◆ What is expected: Print the line that has "L D k = real" in it, then every remaining line of the data, exactly and without anything extra.

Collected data
(* Let $n,d\in\mathbb{N}$, let $f_{1},\ldots,f_{d}:\{0,1\}^n\to[0,1]$ be functions, $\epsilon\in(0,\infty)$ and $\delta\in(0,\frac{1}{2})$. There is a randomized algorithm that, given sample access to each $f_{i}$, $(d+1)$-pseudodeterministically $(\epsilon,\delta)$-approximates $\langle\mathbb{E}(f_{i})\rangle_{i=1}^{d}$ relative to the $d_{max}$ metric using $O\left(\frac{(d+1)^{2}}{\epsilon^{2}}\cdot\log\left(\frac{d}{\delta}\right)\right)$ samples.
   Context: $\mathbb{E}(f_i)$ is the average of $f_i$ over uniformly random $x\in\{0,1\}^n$. Sample access means the algorithm may draw uniformly random points $x\in\{0,1\}^n$ and learn the values $f_i(x)$; each such point is one sample. $d_{max}(\vec{x},\vec{y})=\max_i|x_i-y_i|$ on $\mathbb{R}^d$. An algorithm $(d+1)$-pseudodeterministically $(\epsilon,\delta)$-approximates a vector $\vec{v}\in\mathbb{R}^d$ if there is a set $S$ of at most $d+1$ vectors (depending only on the instance, not on the algorithm's randomness) such that with probability at least $1-\delta$ the output $\vec{\alpha}$ lies in $S$ and satisfies $d_{max}(\vec{\alpha},\vec{v})\le\epsilon$. *)

theory Defs
  imports "HOL-Probability.Probability"
begin

definition cube :: "nat \<Rightarrow> bool list set" where
  "cube n = {x. length x = n}"

definition cube_mean :: "nat \<Rightarrow> (bool list \<Rightarrow> real) \<Rightarrow> real" where
  "cube_mean n g = (\<Sum>x\<in>cube n. g x) / 2 ^ n"

definition d_max :: "real list \<Rightarrow> real list \<Rightarrow> real" where
  "d_max xs ys = Max (insert 0 {\<bar>xs ! i - ys ! i\<bar> | i. i < length xs})"

definition samples_pmf :: "nat \<Rightarrow> nat \<Rightarrow> bool list list pmf" where
  "samples_pmf n m = pmf_of_set {xs. length xs = m \<and> (\<forall>x\<in>set xs. x \<in> cube n)}"

text \<open>A randomized sampling algorithm is modelled as a map from the observed
  samples (each a point x together with the values f_1(x),...,f_d(x)) to a
  distribution over outputs (its internal randomness).\<close>
definition run_alg ::
  "nat \<Rightarrow> nat \<Rightarrow> nat \<Rightarrow> ((bool list \<times> real list) list \<Rightarrow> real list pmf)
    \<Rightarrow> (nat \<Rightarrow> bool list \<Rightarrow> real) \<Rightarrow> real list pmf" where
  "run_alg n d m A f =
     bind_pmf (samples_pmf n m) (\<lambda>xs. A (map (\<lambda>x. (x, map (\<lambda>i. f i x) [0..<d])) xs))"

definition pseudodet_approx ::
  "nat \<Rightarrow> real \<Rightarrow> real \<Rightarrow> real list pmf \<Rightarrow> real list \<Rightarrow> bool" where
  "pseudodet_approx k eps delta P v \<longleftrightarrow>
     (\<exists>S. finite S \<and> card S \<le> k \<and>
        measure_pmf.prob P {a. a \<in> S \<and> length a = length v \<and> d_max a v \<le> eps} \<ge> 1 - delta)"

end

theory Submission
  imports Defs
begin

text \<open>With \<open>m\<close> of order \<open>(d+1)\<^sup>2/\<epsilon>\<^sup>2 \<cdot> log(d/\<delta>)\<close> samples, Hoeffding's inequality and a union
  bound make all \<open>d\<close> empirical averages \<open>\<eta>\<close>-close to the true means, \<open>\<eta> = \<epsilon>/(8(d+1))\<close>, with
  probability at least \<open>1 - \<delta>\<close>. Rounding the estimates to a grid of spacing \<open>\<epsilon>\<close> is not
  pseudodeterministic by itself, since an estimate near a grid point may round either way.
  So consider the \<open>d+1\<close> grids of spacing \<open>\<epsilon>\<close> shifted by multiples of \<open>\<epsilon>/(d+1)\<close>: their points
  are \<open>\<epsilon>/(d+1) \<ge> 6\<eta>\<close> apart, so each true mean is \<open>3\<eta>\<close>-close to points of at most one
  shifted grid, and by pigeonhole some shift keeps every true mean \<open>3\<eta>\<close> away from its grid.
  The algorithm rounds down on the least shift that keeps all estimates \<open>2\<eta>\<close> away from its
  grid; on such a shift no grid point separates an estimate from its true mean, so the output
  is the rounding of the true mean vector on one of \<open>d+1\<close> grids, which is \<open>\<epsilon>\<close>-close to it.\<close>

definition grid_round :: "real \<Rightarrow> real \<Rightarrow> real \<Rightarrow> real" where
  "grid_round L s x = s + L * of_int \<lfloor>(x - s) / L\<rfloor>"

lemma grid_round_bounds:
  assumes "L > 0"
  shows "grid_round L s x \<le> x" "x - L < grid_round L s x"
  using floor_divide_lower[OF assms, of "x - s"] floor_divide_upper[OF assms, of "x - s"]
  by (simp_all add: grid_round_def algebra_simps)

lemma grid_round_eq:
  assumes L: "L > 0" and no_grid_point_between: "\<forall>z::int. \<bar>u - v\<bar> < \<bar>u - (s + of_int z * L)\<bar>"
  shows "grid_round L s u = grid_round L s v"
proof -
  define a where "a = \<lfloor>(u - s) / L\<rfloor>"
  define c where "c = \<lfloor>(v - s) / L\<rfloor>"
  have a: "s + of_int a * L \<le> u" "u < s + of_int (a + 1) * L"
    using floor_divide_lower[OF L, of "u - s"] floor_divide_upper[OF L, of "u - s"]
    by (simp_all add: a_def algebra_simps)
  have c: "s + of_int c * L \<le> v" "v < s + of_int (c + 1) * L"
    using floor_divide_lower[OF L, of "v - s"] floor_divide_upper[OF L, of "v - s"]
    by (simp_all add: c_def algebra_simps)
  have step: "of_int (i + 1) * L \<le> of_int j * L" if "i < j" for i j :: int
    using that L by (intro mult_right_mono) simp_all
  have "\<not> a < c"
  proof
    assume "a < c"
    then have "\<bar>u - (s + of_int c * L)\<bar> \<le> \<bar>u - v\<bar>" using a c step[of a c] by linarith
    then show False using no_grid_point_between by (meson not_less)
  qed
  moreover have "\<not> c < a"
  proof
    assume "c < a"
    then have "\<bar>u - (s + of_int a * L)\<bar> \<le> \<bar>u - v\<bar>" using a c step[of c a] by linarith
    then show False using no_grid_point_between by (meson not_less)
  qed
  ultimately show ?thesis by (simp add: grid_round_def a_def c_def)
qed

definition grid_shift :: "real \<Rightarrow> nat \<Rightarrow> nat \<Rightarrow> real" where
  "grid_shift L D k = real k * L / (real D + 1)"

lemma shifted_grids_separated:
  assumes L: "L > 0" and "k \<le> D" "k' \<le> D" "k \<noteq> k'"
  shows "L / (real D + 1) \<le> \<bar>(grid_shift L D k + of_int z * L) - (grid_shift L D k' + of_int z' * L)\<bar>"
proof -
  define N where "N = (int k - int k') + (z - z') * (int D + 1)"
  have "0 < real D + 1" by simp
  then have diff: "(grid_shift L D k + of_int z * L) - (grid_shift L D k' + of_int z' * L)
      = L / (real D + 1) * of_int N"
    unfolding N_def grid_shift_def by (simp add: divide_simps) (simp add: algebra_simps)
  have "N \<noteq> 0"
  proof
    assume "N = 0"
    then have "(z' - z) * (int D + 1) = int k - int k'" by (simp add: N_def algebra_simps)
    then have "\<bar>z' - z\<bar> * (int D + 1) = \<bar>int k - int k'\<bar>"
      by (metis abs_mult abs_of_nonneg of_nat_0_le_iff add_nonneg_nonneg zero_le_one)
    also have "\<dots> < 1 * (int D + 1)" using assms by simp
    finally have "z' = z" by (simp only: mult_less_cancel_right) linarith
    with \<open>N = 0\<close> \<open>k \<noteq> k'\<close> show False by (simp add: N_def)
  qed
  then have "1 \<le> \<bar>real_of_int N\<bar>" by linarith
  then have "L / (real D + 1) * 1 \<le> L / (real D + 1) * \<bar>real_of_int N\<bar>"
    using L by (intro mult_left_mono) simp_all
  then show ?thesis using L by (simp add: diff abs_mult)
qed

◆ Answer to the exercise:
  "grid_shift L D k = real k * L / (real D + 1)"

lemma shifted_grids_separated:
  assumes L: "L > 0" and "k \<le> D" "k' \<le> D" "k \<noteq> k'"
  shows "L / (real D + 1) \<le> \<bar>(grid_shift L D k + of_int z * L) - (grid_shift L D k' + of_int z' * L)\<bar>"
proof -
  define N where "N = (int k - int k') + (z - z') * (int D + 1)"
  have "0 < real D + 1" by simp
  then have diff: "(grid_shift L D k + of_int z * L) - (grid_shift L D k' + of_int z' * L)
      = L / (real D + 1) * of_int N"
    unfolding N_def grid_shift_def by (simp add: divide_simps) (simp add: algebra_simps)
  have "N \<noteq> 0"
  proof
    assume "N = 0"
    then have "(z' - z) * (int D + 1) = int k - int k'" by (simp add: N_def algebra_simps)
    then have "\<bar>z' - z\<bar> * (int D + 1) = \<bar>int k - int k'\<bar>"
      by (metis abs_mult abs_of_nonneg of_nat_0_le_iff add_nonneg_nonneg zero_le_one)
    also have "\<dots> < 1 * (int D + 1)" using assms by simp
    finally have "z' = z" by (simp only: mult_less_cancel_right) linarith
    with \<open>N = 0\<close> \<open>k \<noteq> k'\<close> show False by (simp add: N_def)
  qed
  then have "1 \<le> \<bar>real_of_int N\<bar>" by linarith
  then have "L / (real D + 1) * 1 \<le> L / (real D + 1) * \<bar>real_of_int N\<bar>"
    using L by (intro mult_left_mono) simp_all
  then show ?thesis using L by (simp add: diff abs_mult)
qed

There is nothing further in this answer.